> **What you should do**:
Take the records below and retype them line by line, from the first line through the one containing "Mid \<epsilon> **"; stop there.

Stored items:
——
lemma Mid_quadratic_form: "block_vec2 a s \<bullet> (Mid \<epsilon> *v block_vec2 a s) = \<epsilon> * (a \<bullet> a) - s\<^sup>2"
  unfolding inner_matrix_vector_eq_sum
  by (simp add: sum_UNIV_Plus Mid_def block_vec2_def mat_def inner_vec_def power2_eq_square)
    (simp add: sum_distrib_left if_distrib[of "\<lambda>z. _ * z"] if_distrib[of "\<lambda>z. z * _"]
      mult_ac cong: if_cong)

lemma Nmat_quadratic_form:
  "v \<bullet> ((Nmat x u k ** Mid \<epsilon> ** transpose (Nmat x u k)) *v v) =
     \<epsilon> * (w1 \<bullet> w1) - (x (Suc k) \<bullet> w1 - x k \<bullet> w2 - u k \<bullet> w3)\<^sup>2"
  if "v = block_vec4 w1 w2 w3 w4"
  unfolding that inner_congruence transpose_Nmat_block_vec4 Mid_quadratic_form ..

(* The residual is d \<bullet> w for the disturbance d of the i-th transition. *)

lemma Cset_residual_bound:
  assumes "(A, B) \<in> Cset \<epsilon> x u i"
  shows "(x (Suc i) \<bullet> w - x i \<bullet> (transpose A *v w) - u i \<bullet> (transpose B *v w))\<^sup>2 \<le> \<epsilon> * (w \<bullet> w)"
proof -
  obtain d where d: "x (Suc i) = A *v x i + B *v u i + d"
    and psd: "psd (\<epsilon> *\<^sub>R mat 1 - outer d d)"
    using assms unfolding Cset_def by auto
  have "x (Suc i) \<bullet> w - x i \<bullet> (transpose A *v w) - u i \<bullet> (transpose B *v w) = d \<bullet> w"
    unfolding d inner_matrix_vector_transpose[of w A, symmetric]
      inner_matrix_vector_transpose[of w B, symmetric]
    by (simp add: inner_add_right inner_commute)
  with psd_scaled_identity_minus_outer_imp[OF psd] show ?thesis
    by simp
qed

lemma M0_quadratic_form_closed_loop:
  fixes A :: "real^'n^'n" and B :: "real^'m^'n" and w :: "real^'n"
  assumes "transpose P = P" and "K ** P = Y"
  defines "v \<equiv> block_vec4 w (transpose A *v w) (transpose B *v w) (- (transpose (B ** K) *v w))"
    and "y \<equiv> transpose (A + B ** K) *v w"
  shows "v \<bullet> (M0 P Y \<beta> *v v) = w \<bullet> (P *v w) - \<beta> * (w \<bullet> w) - y \<bullet> (P *v y)"
proof -
  define a where "a = transpose A *v w"
  define b where "b = transpose B *v w"
  define h where "h = transpose K *v b"
  have h: "transpose (B ** K) *v w = h"
    unfolding h_def b_def by (simp only: matrix_transpose_mul matrix_vector_mul_assoc)
  have y: "y = a + h"
    unfolding y_def a_def b_def h_def
    by (simp only: transpose_add matrix_transpose_mul matrix_vector_mult_add_rdistrib
        matrix_vector_mul_assoc)
  have Ytb: "transpose Y *v b = P *v h"
    unfolding h_def using assms(1,2)
    by (metis matrix_transpose_mul matrix_vector_mul_assoc)
  have bY: "b \<bullet> (Y *v z) = z \<bullet> (P *v h)" for z
    using inner_matrix_vector_transpose[of b Y z] Ytb by simp
  have hPa: "h \<bullet> (P *v a) = a \<bullet> (P *v h)"
    using inner_matrix_vector_transpose[of h P a] assms(1) by simp
  have yPy: "y \<bullet> (P *v y) = a \<bullet> (P *v a) + 2 * (a \<bullet> (P *v h)) + h \<bullet> (P *v h)"
    unfolding y by (simp add: matrix_vector_right_distrib inner_add_left inner_add_right hPa)
  have "w \<bullet> ((P - \<beta> *\<^sub>R mat 1) *v w) = w \<bullet> (P *v w) - \<beta> * (w \<bullet> w)"
    by (simp add: matrix_vector_mult_diff_rdistrib inner_diff_right
        scaleR_matrix_vector_assoc[symmetric])
  then show ?thesis
    unfolding v_def a_def[symmetric] b_def[symmetric] h M0_quadratic_form yPy
    by (simp add: Ytb bY vec.neg del: transpose_matrix_vector)
qed
section \<open>The repair schedule of the cut-set argument\<close>

lemma stored_unrepaired:
  "(\<forall>u<t. fst (s ! u) \<noteq> j) \<Longrightarrow> stored S s m B am t j = enc S j m \<and> act s t j = 0"
  by (induction t) auto

definition repair_schedule :: "nat \<Rightarrow> nat list \<Rightarrow> schedule" where
  "repair_schedule d rs = map (\<lambda>i. (i, {..d} - {i})) rs"

lemma repair_schedule_nth:
  "t < length rs \<Longrightarrow> repair_schedule d rs ! t = (rs ! t, {..d} - {rs ! t})"
  by (simp add: repair_schedule_def)

lemma length_repair_schedule [simp]: "length (repair_schedule d rs) = length rs"
  by (simp add: repair_schedule_def)

lemma repair_schedule_valid:
  assumes "\<forall>i\<in>set rs. i \<le> d" and "d < n"
  shows "valid_schedule n d (repair_schedule d rs)"
  using assms by (auto simp: valid_schedule_def repair_schedule_def card_Diff_singleton)

lemma repair_schedule_unrepaired:
  assumes "t \<le> length rs" and "j \<notin> set (take t rs)"
  shows "stored S (repair_schedule d rs) m B am t j = enc S j m \<and> act (repair_schedule d rs) t j = 0"
proof (rule stored_unrepaired, intro allI impI)
  fix u assume "u < t"
  then have "rs ! u \<in> set (take t rs)" using assms(1) by (auto simp: in_set_conv_nth)
  then show "fst (repair_schedule d rs ! u) \<noteq> j"
    using assms \<open>u < t\<close> by (auto simp: repair_schedule_nth)
qed

definition initial_msg :: "scheme \<Rightarrow> schedule \<Rightarrow> nat \<Rightarrow> nat \<Rightarrow> nat \<Rightarrow> nat list" where
  "initial_msg S s m t j = hmsg S (take (Suc t) s) j (enc S j m)"

text \<open>The helpers of the repair of rs ! t that lie above rs ! t; they have not been repaired
  yet, so their messages are initial messages.\<close>
definition fresh_helpers :: "nat \<Rightarrow> nat list \<Rightarrow> (nat \<times> nat) list" where
  "fresh_helpers d rs = concat (map (\<lambda>t. map (Pair t) [Suc (rs ! t)..<Suc d]) [0..<length rs])"

lemma fresh_helpers_iff:
  "(t, j) \<in> set (fresh_helpers d rs) \<longleftrightarrow> t < length rs \<and> rs ! t < j \<and> j \<le> d"
  by (force simp: fresh_helpers_def simp del: upt_Suc)

lemma length_fresh_helpers:
  "length (fresh_helpers d rs) = sum_list (map (\<lambda>i. d - i) rs)"
proof -
  have "map (\<lambda>t. d - rs ! t) [0..<length rs] = map (\<lambda>i. d - i) rs"
    by (rule nth_equalityI) auto
  then show ?thesis by (simp add: fresh_helpers_def length_concat o_def del: upt_Suc)
qed

section \<open>Two indistinguishable worlds\<close>

definition initial_nodes :: "nat set \<Rightarrow> node_id set" where
  "initial_nodes J = (\<lambda>j. (0, j)) ` J"

lemma initial_nodes_iff: "(a, j) \<in> initial_nodes J \<longleftrightarrow> a = 0 \<and> j \<in> J"
  by (auto simp: initial_nodes_def)

text \<open>What a controlled node reports when it pretends to be the initial node of its slot
  for file m (slots outside {..<n} are mapped to slot 0 only to keep the content well-formed).\<close>
definition forged_content :: "scheme \<Rightarrow> nat \<Rightarrow> nat \<Rightarrow> node_id \<Rightarrow> nat list" where
  "forged_content S n m x = enc S (if snd x < n then snd x else 0) m"

text \<open>World A: file m, the adversary holds the initial nodes of the slots below b1
  and plays file m'.  World B: file m', it holds those of the slots b1..c-1 and plays file m.\<close>
locale two_worlds =
  fixes S :: scheme and n d k c b1 :: nat and rs :: "nat list" and m m' :: nat
  assumes rs_sorted: "sorted_wrt (<) rs"
    and rs_range: "set rs \<subseteq> {c..<k}"
    and k_le_d: "k \<le> d" and d_less_n: "d < n" and b1_le_c: "b1 \<le> c"
    and enc_agree: "\<And>i. c \<le> i \<Longrightarrow> i < k \<Longrightarrow> i \<notin> set rs \<Longrightarrow> enc S i m = enc S i m'"
    and msg_agree: "\<And>t j. (t, j) \<in> set (fresh_helpers d rs) \<Longrightarrow>
          initial_msg S (repair_schedule d rs) m t j = initial_msg S (repair_schedule d rs) m' t j"
begin

abbreviation "s \<equiv> repair_schedule d rs"
abbreviation "BA \<equiv> initial_nodes {..<b1}"
abbreviation "BB \<equiv> initial_nodes {b1..<c}"
abbreviation "amA \<equiv> \<lambda>t x. initial_msg S s m' t (snd x)"
abbreviation "amB \<equiv> \<lambda>t x. initial_msg S s m t (snd x)"
abbreviation "storedA \<equiv> stored S s m BA amA"
abbreviation "storedB \<equiv> stored S s m' BB amB"

abbreviation "sentA t h \<equiv> if (act s t h, h) \<in> BA then amA t (act s t h, h)
                           else hmsg S (take (Suc t) s) h (storedA t h)"
abbreviation "sentB t h \<equiv> if (act s t h, h) \<in> BB then amB t (act s t h, h)
                           else hmsg S (take (Suc t) s) h (storedB t h)"

lemma low_slot_unrepaired: "h < c \<Longrightarrow> h \<notin> set (take t rs)"
  using rs_range in_set_takeD by fastforce
(* In the variety $\mathcal V$, the ternary term $p(x,y,z):=\Big(x\wedge\big((z\wedge y)\vee y'\big)\Big)\vee\Big(z\wedge\big((x\wedge y)\vee y'\big)\Big)$ satisfies the identities $p(x,x,z)\approx z$ and $p(x,z,z)\approx x$. Moreover, putting $u:=(x\wedge y)\vee(x\vee y)'$, for every $\mathbf L\in\mathcal V$ and all $x,y,z\in L$ we have: $u\wedge z=z$ and $u'\vee z=z$ if and only if $x=y$.
   Context: $\mathcal V$ is the variety of algebras $(L,\vee,\wedge,{}',0,1)$ that are bounded lattices with a complementation $'$ (i.e. $x\vee x'\approx1$, $x\wedge x'\approx0$) satisfying the identities $x\vee y'\approx y'\vee\big((x\vee y')\wedge y\big)$ and $x\wedge y\approx x\wedge\big((x\wedge y)\vee x'\big)$. *)

theory Defs
  imports Main
begin

text \<open>An algebra of the variety V: a bounded lattice (type class bounded_lattice,
  with sup, inf, bot = 0, top = 1) together with a unary operation c (the
  complementation x') satisfying the defining identities of V.\<close>

definition in_V :: "('a::bounded_lattice \<Rightarrow> 'a) \<Rightarrow> bool" where
  "in_V c \<longleftrightarrow>
     (\<forall>x. sup x (c x) = top) \<and>
     (\<forall>x. inf x (c x) = bot) \<and>
     (\<forall>x y. sup x (c y) = sup (c y) (inf (sup x (c y)) y)) \<and>
     (\<forall>x y. inf x y = inf x (sup (inf x y) (c x)))"

definition pV :: "('a::bounded_lattice \<Rightarrow> 'a) \<Rightarrow> 'a \<Rightarrow> 'a \<Rightarrow> 'a \<Rightarrow> 'a" where
  "pV c x y z = sup (inf x (sup (inf z y) (c y))) (inf z (sup (inf x y) (c y)))"

end

theory Submission
  imports Defs
begin

text \<open>Both Mal'cev identities for p follow from the absorption law
  x \<and> y = x \<and> ((x \<and> y) \<or> x') together with y \<or> y' = 1. For the second part,
  in any complemented lattice the conditions u \<and> z = z and u' \<or> z = z say
  u' \<le> z \<le> u, which forces u' = 0 and hence u = 1. Applying the absorption
  law to x \<or> y and x \<and> y shows x \<and> y = (x \<or> y) \<and> u, so u = 1 makes
  x \<and> y = x \<or> y, i.e. x = y; conversely x = y gives u = x \<or> x' = 1.\<close>

lemma in_V_sup_compl: "in_V c \<Longrightarrow> sup x (c x) = top"
  and in_V_inf_compl: "in_V c \<Longrightarrow> inf x (c x) = bot"
  and in_V_inf_absorb: "in_V c \<Longrightarrow> inf x y = inf x (sup (inf x y) (c x))"
  unfolding in_V_def by blast+

lemma pV_left_cancel:
  assumes "in_V c" shows "pV c x x z = z"
proof -
  have "inf x (sup (inf z x) (c x)) = inf x z"
    using in_V_inf_absorb[OF assms, of x z] by (simp add: inf_commute)
  then show ?thesis
    unfolding pV_def using in_V_sup_compl[OF assms, of x]
    by (simp add: inf_commute sup_absorb2)
qed

lemma pV_right_cancel:
  assumes "in_V c" shows "pV c x z z = x"
proof -
  have "inf z (sup (inf x z) (c z)) = inf z x"
    using in_V_inf_absorb[OF assms, of z x] by (simp add: inf_commute)
  then show ?thesis
    unfolding pV_def using in_V_sup_compl[OF assms, of z]
    by (simp add: inf_commute sup_absorb1)
qed

lemma complement_sandwich_iff_top:
  fixes c :: "'a::bounded_lattice \<Rightarrow> 'a"
  assumes sup_compl: "\<And>x. sup x (c x) = top" and inf_compl: "\<And>x. inf x (c x) = bot"
  shows "(inf u z = z \<and> sup (c u) z = z) \<longleftrightarrow> u = top"
proof
  assume "inf u z = z \<and> sup (c u) z = z"
  then have "c u \<le> u"
    by (metis inf.absorb_iff2 sup.absorb_iff2 order.trans)
  then have "c u = bot"
    using inf_compl[of u] by (metis inf.absorb2)
  then show "u = top"
    using sup_compl[of u] by simp
next
  assume "u = top"
  moreover have "c top = bot"
    using inf_compl[of top] by simp
  ultimately show "inf u z = z \<and> sup (c u) z = z"
    by simp
qed

lemma in_V_inf_eq_sup_inf_eq_term:
  assumes "in_V c"
  shows "inf x y = inf (sup x y) (sup (inf x y) (c (sup x y)))"
  using in_V_inf_absorb[OF assms, of "sup x y" "inf x y"]
  by (metis inf.absorb2 inf_le1 le_supI1)

lemma in_V_eq_term_eq_top_iff:
  assumes "in_V c"
  shows "sup (inf x y) (c (sup x y)) = top \<longleftrightarrow> x = y"
proof
  assume "sup (inf x y) (c (sup x y)) = top"
  then have "inf x y = sup x y"
    using in_V_inf_eq_sup_inf_eq_term[OF assms, of x y] by simp
  then show "x = y"
    by (metis inf.cobounded1 inf.cobounded2 sup.cobounded1 sup.cobounded2 order.antisym)
next
  assume "x = y"
  then show "sup (inf x y) (c (sup x y)) = top"
    using in_V_sup_compl[OF assms, of x] by simp
qed

theorem mainTheorem6:
  fixes c :: "'a::bounded_lattice \<Rightarrow> 'a"
  assumes "in_V c"
  shows "(\<forall>x z. pV c x x z = z) \<and> (\<forall>x z. pV c x z z = x) \<and>
         (\<forall>x y z. let u = sup (inf x y) (c (sup x y))
                  in (inf u z = z \<and> sup (c u) z = z) \<longleftrightarrow> x = y)"
  using pV_left_cancel[OF assms] pV_right_cancel[OF assms]
    complement_sandwich_iff_top[OF in_V_sup_compl[OF assms] in_V_inf_compl[OF assms]]
    in_V_eq_term_eq_top_iff[OF assms]
  by (simp add: Let_def)

end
——
> **Answer to this task**:
lemma Mid_quadratic_form: "block_vec2 a s \<bullet> (Mid \<epsilon> *v block_vec2 a s) = \<epsilon> * (a \<bullet> a) - s\<^sup>2"
  unfolding inner_matrix_vector_eq_sum
  by (simp add: sum_UNIV_Plus Mid_def block_vec2_def mat_def inner_vec_def power2_eq_square)
    (simp add: sum_distrib_left if_distrib[of "\<lambda>z. _ * z"] if_distrib[of "\<lambda>z. z * _"]
      mult_ac cong: if_cong)

lemma Nmat_quadratic_form:
  "v \<bullet> ((Nmat x u k ** Mid \<epsilon> ** transpose (Nmat x u k)) *v v) =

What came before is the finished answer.